もうだいぶ日にちがたってしまったが、数年ぶりに友人と花見に行った時に、「BOOK OFFに持っていこうと思ったけど、読むならあげる」といって5冊の本を持ってきてくれた。
2冊はジェイン・オースティンの伝記、2冊は、英語学習物、そしてもう1冊がこの本である。

1)『物語 ウクライナの歴史 ヨーロッパ最後の大国』 by 黒川祐次 (中公新書)
最近話題の本なので、図書館で予約して見たけど、やっぱり自分で買おうかと考えていたところ、まさにタイムリー!

というわけでさっそく読みだしてみたけど、難しい。
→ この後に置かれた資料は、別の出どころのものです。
fun end_height :: "int \<Rightarrow> step list \<Rightarrow> int" where
  "end_height b [] = b"
| "end_height b (Up # p) = end_height (b + 1) p"
| "end_height b (Flat # p) = end_height b p"
| "end_height b (Down # p) = end_height (b - 1) p"

definition x_length :: "step list \<Rightarrow> nat" where
  "x_length p = length (filter (\<lambda>t. t \<noteq> Down) p)"

fun wtS :: "(nat \<Rightarrow> complex) \<Rightarrow> int \<Rightarrow> step list \<Rightarrow> complex" where
  "wtS a b [] = 1"
| "wtS a b (Up # p) = wtS a (b + 1) p"
| "wtS a b (Flat # p) = (- cnj (al a (b - 1)) / cnj (al a b)) * wtS a b p"
| "wtS a b (Down # p) =
     (cnj (al a (b - 2)) / cnj (al a (b - 1)) * (1 - (cmod (al a (b - 1)))\<^sup>2)) * wtS a (b - 1) p"

definition schroeder_paths :: "nat \<Rightarrow> nat \<Rightarrow> nat \<Rightarrow> step list set" where
  "schroeder_paths n r s = {p. valid_path (int r) p \<and> x_length p = n \<and>
      end_height (int r) p = int s \<and> (p \<noteq> [] \<longrightarrow> hd p \<noteq> Down \<and> last p \<noteq> Down)}"

end

(* Write B_s = Phi*_s / alpha_(s-1), so B_0 = -1. For alpha_b, alpha_(b-1) nonzero, Szego's
   recursion becomes
     z Phi_b = - (B_(b+1) + conj (wF b) B_b)    and    B_(b+1) = conj (wD (b+1)) B_b - Phi_(b+1),
   where wF b and wD (b+1) are the weights of a flat step at height b and of a down-step from
   height b+1. Read as first-step decompositions of paths, these identities show by induction
   on (m, b) that z^m B_b = sum_s conj (V m b s) B_s, where V m b s is the total weight of the
   Schroeder paths from (0,b) to (m,s) not ending with a down-step; one more application of the
   first identity gives z^(m+1) Phi_r = - sum_s conj (S s) B_s, with S s the total weight of the
   paths of the theorem. As Phi*_s has degree s and leading coefficient -alpha_(s-1), this is the expansion
   defining c_(n,r,s). For n = 0 the second identity alone gives Phi_r in the basis B. *)

theory Submission
  imports Defs
begin

lemma smult_sum_right: "smult c (\<Sum>i\<in>A. f i) = (\<Sum>i\<in>A. smult c (f i))"
  by (induction A rule: infinite_finite_induct) (simp_all add: smult_add_right)

lemma coeff_pstar:
  "coeff (pstar f) k = (if k \<le> degree f then cnj (coeff f (degree f - k)) else 0)"
  unfolding pstar_def coeff_sum by (auto simp: coeff_monom)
。
とにかく自分はウクライナのことを何一つ知らなかったことに気づく。
章のタイトルだけ挙げてみよう。

第1章         スキタイ―騎馬と黄金の民族
第2章         キエフ・ルーシーヨーロッパの大国
第3章         リトアニア・ポーランドの時代
第4章         コサックの栄光と挫折
第5章         ロシア・オーストリア両帝国の支配
第6章         中央ラーダーつかの間の独立
第7章         ソ連の時代
第8章         350年待った独立

スキタイとか、コサックとか、聞いたことはあってもウクライナとは結び付いていなかったし、ソ連だけでなく、リトアニアやポーランドオーストリアなど多くの国の支配下に置かれていた時代もあったこともまた知らなかった。
一度読んだだけではきちんと理解できないのは、他の歴史書と同様だが、現在の状況が今までの歴史と比べても激動期なので、これ以上の感想は控えたいと思う。

英語学習物2冊。

2)    『キリスト教英語の常識』 by 石黒マリーローズ (講談社現代新書)
日常使われる英語の多くの表現が、聖書から引用されているが、キリスト教圏(必ずしもキリスト教を信仰していることを意味するわけではない)の人々には普通の表現でも、我々にとっては、なかなか意味がつかみにくいものもある。
この本ではそういった表現をニュースなどで使われた生きた文章を例に挙げてわかりやすく解説している。知っているものも多かったが、へぇ~というものもあったりで、初めは興味深く読んでいたが、だんだんと同じような話の繰り返しで飽きてくる。そのうち、別にこの本に出ていることをいちいち覚えていなくても、ぶつかった時に調べたほうがよほど記憶に残りそうだな、という気がしてきた。
それでも、気になる所に付箋を貼ったりして、あとで読み返してメモしてからbookoffってことにしよう、と思ったが、読み終わってもう1度チェックするとメモしたいと思うようなところがガクンと減った。
残ったメモ:
・「幼子イエス」は、スペイン語でエル・ニーニョ。異常気象を表すことで有名な「エル・ニーニョ現象」は初めて影響が言われだしたのが、クリスマスの頃だったのでその名がついた。
・7つの大罪(The seven deadly sins)
Pride(高慢), Covetousness(物欲), Lust(色欲), Anger(憤怒), Gluttony(貪欲), Envy(嫉妬), Sloth(怠惰)
・7つの美徳(The seven cardinal virtues)
Prudence(賢明), Justice(正義), Fortitude(剛毅), Temperance(節制), Faith(信仰), Hope(希望), Charity(愛)
・英国国歌「God save the Queen」
この祈りの歌が作られたのは、1686年、フランス国王のルイ14世が病気になった時。祈り分は貴族の娘のための学校長ド・ブリトン婦人、作曲はイタリアの音楽家ルリーフ。1714年、ベルサイユを訪れたヘンデルがこれを聞き、ロンドンで牧師に英訳してもらい、ジョージ1世に献上。ジョージ1世が公式の儀式で用いることを決め、今や英国の国歌に。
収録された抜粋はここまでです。